Brecha de género, techo de cristal y suelo pegajoso
No es sutil la brecha de género existente en el Consejo Superior de Investigaciones Científicas (cada centro universitario tiene informes y resultados similares). Mujeres y hombres nos hemos igualado en el inicio de los estudios de doctorado, pero sólo el 40% de los contratos Ramón y Cajal (postdoctoral de gran prestigio para doctores senior) se otorgaron a mujeres en 2022.
Desde los estudios de género se denomina techo de cristal a esta dificultad de promocionar respecto de nuestros compañeros varones. Al fin y al cabo, si somos más las mujeres que iniciamos los estudios de doctorado ¿por qué no hay más mujeres en las categorías superiores de los centros de investigación y universidades?
Las mujeres no desaparecemos, nos echa la precariedad e inestabilidad estructural que rodea esta profesión, mucho más acuciada en nuestro caso; y si además no eres residente comunitaria o has desarrollado parte de tu labor investigadora en el extranjero, la desigualdad no es una sumatoria, se vuelve exponencial y la carrera investigadora se vuelve de obstáculos y a una velocidad vertiginosa.

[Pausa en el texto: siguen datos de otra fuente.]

lemma homothet_excluding_boundary_point:
  fixes D S :: "(real^2) set"
  assumes "strictly_convex_body D" "finite S" "m \<in> D" "m \<notin> interior D"
  obtains E where "is_homothet D E" "E \<inter> S = D \<inter> S - {m}"
proof -
  define F where "F = D \<inter> S - {m}"
  obtain a w where supp: "\<And>v. v \<in> D \<Longrightarrow> a \<bullet> m \<le> a \<bullet> v" and "a \<bullet> w < a \<bullet> m"
    and mid_w: "\<And>y. y \<in> F \<Longrightarrow> midpoint y w \<in> D"
    using midpoints_in_body_beyond_boundary_point[OF assms(1), of F m] assms(2-4)
    unfolding F_def by blast
  have "convex D" "closed D"
    using assms(1) compact_imp_closed unfolding strictly_convex_body_def convex_body_def by auto
  then obtain \<kappa> :: real where "0 < \<kappa>" "\<kappa> < 1/2"
    and outside: "\<And>s. s \<in> S - D \<Longrightarrow> (1 - \<kappa>) *\<^sub>R s + \<kappa> *\<^sub>R w \<notin> D"
    using small_contraction_keeps_outside[of D "S - D" "1/2" w] assms(2) by auto
  (* E is D enlarged about w. It loses m, whose image lies strictly beyond the supporting line
     at m; it keeps every other y in D \<inter> S, whose image lies between y and midpoint y w; and by
     the choice of \<kappa> it gains no point of S - D. *)
  define E where "E = (\<lambda>v. (1 - \<kappa>) *\<^sub>R v + \<kappa> *\<^sub>R w) -` D"
  have "a \<bullet> ((1 - \<kappa>) *\<^sub>R m + \<kappa> *\<^sub>R w) < a \<bullet> m"
    using mult_strict_left_mono[OF \<open>a \<bullet> w < a \<bullet> m\<close> \<open>0 < \<kappa>\<close>]
    by (simp add: inner_add_right algebra_simps)
  have "is_homothet D E"
    unfolding E_def using \<open>\<kappa> < 1/2\<close> by (intro is_homothet_vimage) simp
  moreover have "E \<inter> S = F"
  proof (intro set_eqI iffI)
    fix y assume y: "y \<in> E \<inter> S"
    then have "y \<in> D"
      using outside unfolding E_def by blast
    moreover have "y \<noteq> m"
      using supp y \<open>a \<bullet> (_ + _) < a \<bullet> m\<close> unfolding E_def by fastforce
    ultimately show "y \<in> F"
      using y unfolding F_def by blast
  next
    fix y assume "y \<in> F"
    have "(1 - \<kappa>) *\<^sub>R y + \<kappa> *\<^sub>R w = (1 - 2 * \<kappa>) *\<^sub>R y + (2 * \<kappa>) *\<^sub>R midpoint y w"
      by (simp add: midpoint_def algebra_simps flip: scaleR_add_left)
    also have "\<dots> \<in> D"
      using \<open>y \<in> F\<close> mid_w \<open>0 < \<kappa>\<close> \<open>\<kappa> < 1/2\<close> unfolding F_def
      by (intro convexD[OF \<open>convex D\<close>]) auto
    finally show "y \<in> E \<inter> S"
      using \<open>y \<in> F\<close> unfolding E_def F_def by blast
  qed
  ultimately show ?thesis
    using that unfolding F_def by blast
qed

lemma homothet_two_removable_points:
  fixes C H S :: "(real^2) set"
  assumes "strictly_convex_body C" "finite S" "is_homothet C H"
    and "a \<in> H \<inter> S" "b \<in> H \<inter> S" "a \<noteq> b"
  obtains m1 m2 where "m1 \<in> H \<inter> S" "m2 \<in> H \<inter> S" "m1 \<noteq> m2"
    "\<And>m. m \<in> {m1, m2} \<Longrightarrow> \<exists>E. is_homothet C E \<and> E \<inter> S = H \<inter> S - {m}"
proof -
  have "strictly_convex_body H"
    using strictly_convex_body_homothet[OF assms(1,3)] .
  then obtain K m1 m2 where K: "is_homothet H K" "K \<subseteq> H" "H \<inter> S \<subseteq> K"
    and m: "m1 \<in> H \<inter> S" "m2 \<in> H \<inter> S" "m1 \<noteq> m2" "m1 \<notin> interior K" "m2 \<notin> interior K"
    using homothet_touching_two_points[of H "H \<inter> S" a b] assms(2,4-6)
    unfolding strictly_convex_body_def by blast
  have "is_homothet C K"
    using is_homothet_trans[OF assms(3) K(1)] .
  have "\<exists>E. is_homothet C E \<and> E \<inter> S = H \<inter> S - {m}" if m_choice: "m \<in> {m1, m2}" for m
  proof -
    obtain E where "is_homothet K E" "E \<inter> S = K \<inter> S - {m}"
      using homothet_excluding_boundary_point[OF _ assms(2), of K m] m_choice m K(3)
        strictly_convex_body_homothet[OF assms(1) \<open>is_homothet C K\<close>] by blast
    moreover have "K \<inter> S = H \<inter> S"
      using K(2,3) by blast
    ultimately show ?thesis
      using is_homothet_trans[OF \<open>is_homothet C K\<close>] by auto
  qed
  then show ?thesis
    using that m(1-3) by blast
qed

lemma rtranclp_connected_avoiding_either:
  assumes "z \<in> X" "z \<notin> {m1, m2}" "m1 \<noteq> m2"
    and connected_avoiding: "\<And>u v m. u \<in> X - {m} \<Longrightarrow> v \<in> X - {m} \<Longrightarrow> m \<in> {m1, m2} \<Longrightarrow> r\<^sup>*\<^sup>* u v"
    and "a \<in> X" "b \<in> X"
  shows "r\<^sup>*\<^sup>* a b"
proof -
  have "r\<^sup>*\<^sup>* u z \<and> r\<^sup>*\<^sup>* z u" if "u \<in> X" for u
    using connected_avoiding[of u m1 z] connected_avoiding[of z m1 u]
      connected_avoiding[of u m2 z] connected_avoiding[of z m2 u]
      that assms(1-3) by blast
  then have "r\<^sup>*\<^sup>* a z" "r\<^sup>*\<^sup>* z b"
    using assms(5,6) by blast+
  then show ?thesis
    by (rule rtranclp_trans)
qed

definition delaunay_adj_within :: "(real^2) set \<Rightarrow> (real^2) set \<Rightarrow> (real^2) set \<Rightarrow> real^2 \<Rightarrow> real^2 \<Rightarrow> bool"
  where "delaunay_adj_within C S X u v \<longleftrightarrow> u \<in> X \<and> v \<in> X \<and> delaunay_adj C S u v"

lemma rtranclp_delaunay_adj_within_mono:
  assumes "X \<subseteq> Y" "(delaunay_adj_within C S X)\<^sup>*\<^sup>* u v"
  shows "(delaunay_adj_within C S Y)\<^sup>*\<^sup>* u v"
  using assms(2) by (rule rtranclp_mono[THEN predicate2D, rotated])
    (use assms(1) in \<open>auto simp: delaunay_adj_within_def\<close>)

lemma delaunay_connected_within_homothet:
  assumes "strictly_convex_body C" "finite S"
  shows "is_homothet C H \<Longrightarrow> a \<in> H \<inter> S \<Longrightarrow> b \<in> H \<inter> S \<Longrightarrow>
    (delaunay_adj_within C S (H \<inter> S))\<^sup>*\<^sup>* a b"
proof (induction "card (H \<inter> S)" arbitrary: H a b rule: less_induct)
  case less
  define X where "X = H \<inter> S"
  have "a \<in> X" "b \<in> X" "finite X"
    using less.prems assms(2) unfolding X_def by auto
  consider "a = b" | "a \<noteq> b" "X = {a, b}" | z where "a \<noteq> b" "z \<in> X" "z \<noteq> a" "z \<noteq> b"
    using \<open>a \<in> X\<close> \<open>b \<in> X\<close> by blast
  then show ?case
  proof cases
    case 1
    then show ?thesis by simp
  next
    case 2
    then have "delaunay_adj_within C S X a b"
      using less.prems unfolding delaunay_adj_within_def delaunay_adj_def X_def by auto
    then show ?thesis
      unfolding X_def by blast
  next
    case (3 z)
    obtain m1 m2 where m: "m1 \<in> X" "m2 \<in> X" "m1 \<noteq> m2"
      and removable: "\<And>m. m \<in> {m1, m2} \<Longrightarrow> \<exists>E. is_homothet C E \<and> E \<inter> S = X - {m}"
      using homothet_two_removable_points[OF assms less.prems] 3(1) unfolding X_def by blast
    have avoiding: "(delaunay_adj_within C S X)\<^sup>*\<^sup>* u v"
      if uv: "u \<in> X - {m}" "v \<in> X - {m}" and "m \<in> {m1, m2}" for u v m
    proof -
      obtain E where E: "is_homothet C E" "E \<inter> S = X - {m}"
        using removable[OF \<open>m \<in> {m1, m2}\<close>] by blast
      have "card (E \<inter> S) < card (H \<inter> S)"
        unfolding E(2) X_def[symmetric] using \<open>finite X\<close> \<open>m \<in> {m1, m2}\<close> m(1,2)
        by (auto intro: card_Diff1_less)
      then have "(delaunay_adj_within C S (E \<inter> S))\<^sup>*\<^sup>* u v"
        using less.hyps E uv by blast
      then show ?thesis
        by (rule rtranclp_delaunay_adj_within_mono[rotated]) (use E(2) in auto)
    qed
    obtain z' where "z' \<in> X" "z' \<notin> {m1, m2}"
      using \<open>a \<in> X\<close> \<open>b \<in> X\<close> 3 by blast
    then have "(delaunay_adj_within C S X)\<^sup>*\<^sup>* a b"
      using m(3) avoiding \<open>a \<in> X\<close> \<open>b \<in> X\<close> by (rule rtranclp_connected_avoiding_either)
    then show ?thesis
      unfolding X_def .
  qed
qed

lemma delaunay_walk_of_rtranclp:
  assumes "(delaunay_adj_within C S X)\<^sup>*\<^sup>* a b" "b \<in> X"
  shows "\<exists>xs. xs \<noteq> [] \<and> hd xs = a \<and> last xs = b \<and> set xs \<subseteq> X \<and>
           successively (delaunay_adj_within C S X) xs"
  using assms(1)
proof (induction rule: converse_rtranclp_induct)
  case base
  then show ?case
    using assms(2) by (intro exI[of _ "[b]"]) auto
next
  case (step a z)
  then obtain xs where "xs \<noteq> []" "hd xs = z" "last xs = b" "set xs \<subseteq> X"
    "successively (delaunay_adj_within C S X) xs"
    by blast
  then show ?case
    using step(1) by (intro exI[of _ "a # xs"]) (auto simp: successively_Cons delaunay_adj_within_def)
qed

theorem mainTheorem18:
  fixes C C' S :: "(real^2) set" and p q :: "real^2"
  assumes "strictly_convex_body C"
    and "finite S"
    and "C_general_position C S"
    and "is_homothet C C'"
    and "p \<noteq> q"
    and "frontier C' \<inter> S = {p, q}"
  shows "\<exists>xs. xs \<noteq> [] \<and> hd xs = p \<and> last xs = q \<and> set xs \<subseteq> S \<and>
           (\<forall>i. Suc i < length xs \<longrightarrow>
              delaunay_adj C S (xs ! i) (xs ! Suc i) \<and>
              closed_segment (xs ! i) (xs ! Suc i) \<subseteq> C')"
proof -
  have "convex C'" "closed C'"
    using strictly_convex_body_homothet[OF assms(1,4)] compact_imp_closed
    unfolding strictly_convex_body_def convex_body_def by auto
  then have "p \<in> C' \<inter> S" "q \<in> C' \<inter> S"
    using assms(6) frontier_subset_closed by blast+
  then have "(delaunay_adj_within C S (C' \<inter> S))\<^sup>*\<^sup>* p q"
    using delaunay_connected_within_homothet[OF assms(1,2,4)] by blast
  then obtain xs where xs: "xs \<noteq> []" "hd xs = p" "last xs = q" "set xs \<subseteq> C' \<inter> S"
    and edges: "successively (delaunay_adj_within C S (C' \<inter> S)) xs"
    using delaunay_walk_of_rtranclp \<open>q \<in> C' \<inter> S\<close> by blast
  have "delaunay_adj C S (xs ! i) (xs ! Suc i) \<and> closed_segment (xs ! i) (xs ! Suc i) \<subseteq> C'"
    if "Suc i < length xs" for i
    using successively_nth[OF edges that] \<open>convex C'\<close>
    unfolding delaunay_adj_within_def by (simp add: closed_segment_subset)
  then show ?thesis
    using xs by blast
qed

end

Esa dificultad de acceso al mercado laboral investigador se denomina suelo pegajoso y es la realidad de compañeras que automáticamente quedan excluidas de los contratos predoctorales y del circuito académico antes de empezar por no incluir alguno de los requisitos administrativos de estas convocatorias. Hecho que poco tiene que ver con su valía.
La desigualdad en la carrera investigador, en cifras
Un par de datos para ubicarnos; en el mejor de los supuestos, una estudiante dedicará 4 años de su vida en un grado, 1 ó 2 en un máster oficial y otros 4 años realizando el doctorado. Eso, si no ha tenido ningún inconveniente por el camino que alargue el proceso.

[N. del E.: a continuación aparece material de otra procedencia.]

(* There is a unique family of elements $\chi_\lambda\in\mathbb{Z}[(1-[-\alpha])^{-1}]_{\alpha\in\Delta}$, indexed by $\lambda\in\bigcup_{i\in I}W\cdot\omega_i$, such that $\chi_{\omega_i}=1$ for all $i\in I$ and, for all $w\in W$ and $i\in I$ with $l(ws_i)=l(w)+1$, $$\chi_{ws_i(\omega_i)}\,\chi_{w(\omega_i)}=(1-[-w(\alpha_i)])^{-1}\prod_{j\neq i}\chi_{w(\omega_j)}^{-C_{i,j}}.$$
   Context: $\mathfrak{g}$ simple with index set $I$, Cartan matrix $C$, weight lattice $P$, fundamental weights $\omega_i$, simple roots $\alpha_i$, root system $\Delta$, Weyl group $W$ with length function $l$. The $W$-orbits $W\cdot\omega_i$ ($i\in I$) are pairwise disjoint, so $\lambda\in\bigcup_iW\omega_i$ determines $i$. $[\mu]$ ($\mu\in P$) denotes the basis element of the group ring $\mathbb{Z}[P]$, with $[\mu][\nu]=[\mu+\nu]$; $\mathbb{Z}[(1-[-\alpha])^{-1}]_{\alpha\in\Delta}$ is the subring of the fraction field of $\mathbb{Z}[P]$ generated by the $(1-[-\alpha])^{-1}$ (note $(1-[-\alpha])\in\mathbb{Z}[P]$ as well since $\mathbb{Z}[P]$... the ring is taken as generated over $\mathbb{Z}$ by these inverses and inside the fraction field). *)

theory Defs
  imports Complex_Main "HOL-Library.Poly_Mapping" "HOL-Computational_Algebra.Fraction_Field"
begin

(* Index set I: a finite type 'i (the linorder is only used to obtain the
   idom instance of the group ring; every finite set admits one).
   Weight lattice P = Z-span of the fundamental weights, coordinates w.r.t.
   the fundamental weights: 'i \<Rightarrow>\<^sub>0 int.  Group ring Z[P]: (P \<Rightarrow>\<^sub>0 int). *)

type_synonym 'i weight = "'i \<Rightarrow>\<^sub>0 int"
type_synonym 'i grpring = "'i weight \<Rightarrow>\<^sub>0 int"
lemma gap_dir_orbit_ne_zero:
  assumes irrational: "\<alpha> / pi \<notin> \<rat>" and root: "gap (dir \<gamma>) = 0"
  shows "gap (dir (\<gamma> - real (Suc k) * \<alpha>)) \<noteq> 0"
proof
  assume "gap (dir (\<gamma> - real (Suc k) * \<alpha>)) = 0"
  then obtain m :: int where "\<gamma> - real (Suc k) * \<alpha> = \<gamma> + of_int m * (pi / 2)"
    using gap_dir_zeros_differ_by_half_pi_multiple[OF root] by blast
  then have "\<alpha> / pi = - of_int m / (2 * real (Suc k))"
    by (simp add: field_simps)
  then show False
    using irrational by simp
qed

lemma gap_dir_pos_after_quarter_turns:
  assumes "gap (dir t) \<noteq> 0"
  obtains j0 :: int where "0 < gap (dir (t + of_int j0 * (pi / 2)))"
proof (cases "0 < gap (dir t)")
  case True
  then show ?thesis
    using that[of 0] by simp
next
  case False
  then have "0 < gap (dir (t + pi / 2))"
    using assms gap_dir_add_half_pi[of t] by simp
  then show ?thesis
    using that[of 1] by simp
qed

lemma not_differentiable_on_orbit:
  assumes irrational: "\<alpha> / pi \<notin> \<rat>" and root: "gap (dir \<gamma>) = 0"
  shows "\<not> J differentiable (at (dir (\<gamma> - real (Suc k) * \<alpha> + of_int j * (pi / 2))))"
proof (induction k arbitrary: j)
  case 0
  have "gap (dir (\<gamma> + of_int j * (pi / 2))) = 0"
    by (rule gap_dir_zero_add_int[OF root])
  from not_differentiable_at_dir_of_gap_zero[OF this]
  show ?case
    by (simp add: algebra_simps)
next
  case (Suc k)
  define t where "t = \<gamma> - real (Suc k) * \<alpha>"
  obtain j0 :: int where positive: "0 < gap (dir (t + of_int j0 * (pi / 2)))"
    using gap_dir_pos_after_quarter_turns gap_dir_orbit_ne_zero[OF irrational root] unfolding t_def by blast
  have "\<not> J differentiable (at (dir (t + of_int j0 * (pi / 2))))"
    using Suc.IH[of j0] by (simp add: t_def)
  moreover have "t + of_int j0 * (pi / 2) - \<alpha> + of_int (j - j0) * (pi / 2)
      = \<gamma> - real (Suc (Suc k)) * \<alpha> + of_int j * (pi / 2)"
    by (simp add: t_def field_simps)
  ultimately show ?case
    using not_differentiable_at_dir_preimages[OF positive, of "j - j0"] by simp
qed

end

section \<open>Density and the main result\<close>

lemma dense_orbit:
  assumes "\<alpha> / pi \<notin> \<rat>"
  shows "closure (range (\<lambda>(k, j). \<gamma> - real (Suc k) * \<alpha> + of_int j * (pi / 2))) = UNIV"
proof -
  have "\<exists>k j. \<bar>\<gamma> - real (Suc k) * \<alpha> + of_int j * (pi / 2) - \<theta>\<bar> < e" if "0 < e" for \<theta> e
  proof -
    have "- (2 * \<alpha> / pi) \<notin> \<rat>"
    proof
      assume "- (2 * \<alpha> / pi) \<in> \<rat>"
      then have "- (2 * \<alpha> / pi) * (- 1 / 2) \<in> \<rat>"
        by (rule Rats_mult) simp
      then show False
        using assms by simp
    qed
    moreover have "0 < e * (2 / pi)"
      using \<open>0 < e\<close> by simp
    ultimately obtain h k :: int where "k > 0"
      and approx: "\<bar>of_int k * (- (2 * \<alpha> / pi)) - of_int h - (\<theta> - \<gamma>) * (2 / pi)\<bar> < e * (2 / pi)"
      by (rule sequence_of_fractional_parts_is_dense)
    define n where "n = nat k - 1"
    have "real (Suc n) = of_int k"
      using \<open>k > 0\<close> by (simp add: n_def)
    then have shift: "\<gamma> - real (Suc n) * \<alpha> + of_int (- h) * (pi / 2) - \<theta>
        = (pi / 2) * (of_int k * (- (2 * \<alpha> / pi)) - of_int h - (\<theta> - \<gamma>) * (2 / pi))"
      by (simp add: field_simps)
    have "\<bar>\<gamma> - real (Suc n) * \<alpha> + of_int (- h) * (pi / 2) - \<theta>\<bar>
        = (pi / 2) * \<bar>of_int k * (- (2 * \<alpha> / pi)) - of_int h - (\<theta> - \<gamma>) * (2 / pi)\<bar>"
      unfolding shift abs_mult by simp
    also have "\<dots> < (pi / 2) * (e * (2 / pi))"
      by (rule mult_strict_left_mono[OF approx]) simp
    also have "\<dots> = e"
      by simp
    finally show ?thesis
      by blast
  qed
  then show ?thesis
    by (auto simp: closure_approachable dist_real_def)
qed

lemma closure_cone_over_dense_angles:
  assumes "closure T = UNIV"
  shows "closure ((\<lambda>p. fst p *\<^sub>R dir (snd p)) ` ({0<..} \<times> T)) = UNIV"
proof -
  let ?f = "\<lambda>p::real \<times> real. fst p *\<^sub>R dir (snd p)"
  have "continuous_on UNIV ?f"
    by (rule continuous_on_scaleR[OF continuous_on_fst[OF continuous_on_id]
          continuous_on_compose2[OF continuous_dir continuous_on_snd[OF continuous_on_id] subset_UNIV]])
  then have image_closure: "?f ` closure ({0<..} \<times> T) \<subseteq> closure (?f ` ({0<..} \<times> T))"
    by (intro image_closure_subset[OF continuous_on_subset[OF _ subset_UNIV] closed_closure closure_subset])
  have "x \<in> ?f ` closure ({0<..} \<times> T)" for x
  proof -
    obtain \<theta> where polar: "x = norm x *\<^sub>R dir \<theta>"
      using polar_decomposition by blast
    have "(norm x, \<theta>) \<in> closure ({0<..} \<times> T)"
      using assms by (simp add: closure_Times)
    then show ?thesis
      by (rule rev_image_eqI) (simp only: fst_conv snd_conv polar[symmetric])
  qed
  then show ?thesis
    by (intro sym[OF UNIV_eq_I] subsetD[OF image_closure])
qed

theorem corollary4:
  fixes \<alpha> :: real
  assumes "pi / 8 < \<alpha>" and "\<alpha> < 3 * pi / 8"
    and "\<alpha> / pi \<notin> \<rat>"
  defines "A \<equiv> (\<lambda>i::nat. if i = 1 then (0.01::real) *\<^sub>R rot \<alpha> else (0.01::real) *\<^sub>R rot (\<alpha> - pi / 2))"
    and "c \<equiv> (\<lambda>x::real^2. (x $ 1)^2 + 2 * (x $ 2)^2)"
  shows "\<exists>S. closure S = (UNIV :: (real^2) set) \<and>
             (\<forall>x\<in>S. \<not> (worst_value A c) differentiable (at x))"
proof -
  interpret rotation_pair \<alpha> .
  have "worst_value A c = J"
    by (simp add: A_def rotation_mats_def c_def cost_def[abs_def])
  obtain \<gamma> where root: "gap (dir \<gamma>) = 0"
    using gap_dir_root_exists by blast
  let ?T = "range (\<lambda>(k, j). \<gamma> - real (Suc k) * \<alpha> + of_int j * (pi / 2))"
  let ?S = "(\<lambda>p. fst p *\<^sub>R dir (snd p)) ` ({0<..} \<times> ?T)"
  have "closure ?S = UNIV"
    by (rule closure_cone_over_dense_angles[OF dense_orbit[OF assms(3)]])
  moreover have "\<not> J differentiable (at x)" if "x \<in> ?S" for x
  proof -
    obtain r k j where "0 < r" and "x = r *\<^sub>R dir (\<gamma> - real (Suc k) * \<alpha> + of_int j * (pi / 2))"
      using \<open>x \<in> ?S\<close> by auto
    then show ?thesis
      using not_differentiable_on_orbit[OF assms(3) root] J_differentiable_scaleR_iff by simp
  qed
  ultimately show ?thesis
    unfolding \<open>worst_value A c = J\<close> by blast
qed

end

Al final de una década tenemos a una mujer investigadora profesional altamente formada, en torno a los 30 años, y con problemas para acreditar experiencia laboral fuera de la academia (el periodo predoctoral no es visto como trabajo “real” en varias empresas privadas).
No sólo no tiene garantizada la continuidad, sino ninguna expectativa de que los contratos posteriores (postdoctorales) ofrezcan estabilidad económica, posibilidad de compatibilizar con otro trabajo o flexibilidad horaria para tener cargas familiares.

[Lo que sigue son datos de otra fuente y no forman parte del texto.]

lemma min_ratio_certificate:
  fixes X :: "point set"
  assumes "finite X" "\<not> collinear X" "x \<in> X" "x \<in> frontier (convex hull X)"
    and no_slab: "\<not> supporting_slab X x z"
  obtains v m where "v \<in> normal_cone X x" "v \<noteq> 0" "0 < m"
    "\<And>u. u \<in> normal_cone X x \<Longrightarrow> m * (u \<bullet> x - min_inner X u) \<le> u \<bullet> z - min_inner X u"
    "v \<bullet> z - min_inner X v = m * (v \<bullet> x - min_inner X v)"
proof -
  let ?N = "normal_cone X x"
  define f where "f u = u \<bullet> z - min_inner X u" for u
  define g where "g u = u \<bullet> x - min_inner X u" for u
  have ne: "X \<noteq> {}"
    using assms(3) by blast
  have g_pos: "0 < g u" if "u \<in> ?N" "u \<noteq> 0" for u
    using min_inner_less_if_not_collinear[OF assms(1,2) that] by (simp add: g_def)
  have f_pos: "0 < f u" if "u \<in> ?N" "u \<noteq> 0" for u
    using min_inner_less_if_no_slab[OF assms(1) no_slab that] by (simp add: f_def)
  obtain u0 where u0: "u0 \<in> ?N" "u0 \<noteq> 0"
    by (rule exists_nonzero_normal[OF assms(3,4)])
  have cont: "continuous_on ?N f" "continuous_on ?N g"
    unfolding f_def g_def using continuous_on_min_inner[OF assms(1) ne]
    by (auto intro!: continuous_intros)
  have cone: "c *\<^sub>R u \<in> ?N" if "u \<in> ?N" "0 < c" for c u
    using scaleR_in_normal_cone[OF that(1)] that(2) by simp
  have hom: "f (c *\<^sub>R u) = c * f u" "g (c *\<^sub>R u) = c * g u" if "u \<in> ?N" "0 < c" for c u
    using that min_inner_scaleR[OF assms(1) ne, of c u] by (simp_all add: f_def g_def algebra_simps)
  obtain v where v: "v \<in> ?N" "v \<noteq> 0" "\<And>u. u \<in> ?N \<Longrightarrow> u \<noteq> 0 \<Longrightarrow> f v / g v \<le> f u / g u"
    by (rule ratio_attains_min_on_cone[OF closed_normal_cone cone u0 cont hom g_pos]) blast+
  show thesis
  proof (rule that[OF v(1,2)])
    show "0 < f v / g v"
      using f_pos[OF v(1,2)] g_pos[OF v(1,2)] by simp
    show "f v / g v * (u \<bullet> x - min_inner X u) \<le> u \<bullet> z - min_inner X u" if "u \<in> ?N" for u
    proof (cases "u = 0")
      case True
      then show ?thesis
        using min_inner_scaleR[OF assms(1) ne, of 0 u] by simp
    next
      case False
      then show ?thesis
        using v(3)[OF that False] g_pos[OF that False] by (simp add: f_def g_def pos_le_divide_eq)
    qed
    show "v \<bullet> z - min_inner X v = f v / g v * (v \<bullet> x - min_inner X v)"
      using g_pos[OF v(1,2)] by (simp add: f_def g_def)
  qed
qed

lemma inner_nonneg_on_convex_cone_hull:
  assumes "u \<in> normal_cone X x" "c \<in> convex_cone hull ((\<lambda>s. x - s) ` X)"
  shows "0 \<le> u \<bullet> c"
proof -
  have "(\<lambda>s. x - s) ` X \<subseteq> {c. 0 \<le> u \<bullet> c}"
    using assms(1) by (auto simp: normal_cone_iff inner_diff_right)
  then have "convex_cone hull ((\<lambda>s. x - s) ` X) \<subseteq> {c. 0 \<le> u \<bullet> c}"
    by (rule hull_minimal) (rule convex_cone_halfspace_ge)
  then show ?thesis
    using assms(2) by blast
qed

lemma inner_nonpos_if_convex_cone_hull_bounded:
  assumes "\<forall>c\<in>convex_cone hull S. a \<bullet> c < b" "s \<in> S"
  shows "a \<bullet> s \<le> 0"
proof (rule ccontr)
  assume pos: "\<not> a \<bullet> s \<le> 0"
  have "a \<bullet> 0 < b"
    using assms(1) convex_cone_hull_contains_0 by blast
  then have "(b / (a \<bullet> s)) *\<^sub>R s \<in> convex_cone hull S"
    using pos assms(2) by (simp add: convex_cone_hull_mul hull_inc)
  moreover have "a \<bullet> ((b / (a \<bullet> s)) *\<^sub>R s) = b"
    using pos by simp
  ultimately show False
    using assms(1) by fastforce
qed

Todo ello en un momento vital en el que igual desea emprender un proyecto familiar. Este contexto va a marcar toda la toma de decisiones de las investigadoras, que pueden elegir postular a plazas en otros países que tengan mayores políticas públicas familiares o renunciar a oportunidades laborales en el extranjero por no poder trasladar a la familia con ella, cambiando así radicalmente su trayectoria por decisiones no profesionales.
Tipos de desigualdad en la carrera de investigación
Actualmente la desigualdad vertical que más afecta a la carrera científica es la inequidad en la promoción profesional (techo de cristal) que conlleva a su vez una desigualdad salarial (brecha salarial) en términos de sexenios, quinquenios y otros complementos que van ligados a la categoría profesional.
No obstante, también contamos con una desigualdad horizontal, en términos de segregación ocupacional o sectorial. Dicho más claro, no investigamos lo mismo. Hay profesionales feminizadas y otras masculinizadas, y eso genera que no haya referentes públicos de mujeres ingenieras de minas, mecánicas, especializadas en electricidad o electrotecnología o en la industria de la construcción, entre otras.
Es necesario elaborar políticas públicas y una ley de ciencia que tenga en cuenta la protección y retención de las mujeres investigadoras en las carreras científicas. La inclusión e igualdad de oportunidades debe ser un objetivo prioritario en tanto que sólo teniendo grupos y proyectos de investigación diversos lograremos tener en cuenta la perspectiva de género en todas las etapas del ciclo de investigación (ideas, propuestas, investigación y difusión) y realizar una ciencia mejor y de calidad.
Por Eva Luna Díaz García. Socióloga y Antropóloga Médica. Mujer investigadora. Predoctoral en la Universidad Complutense de Madrid.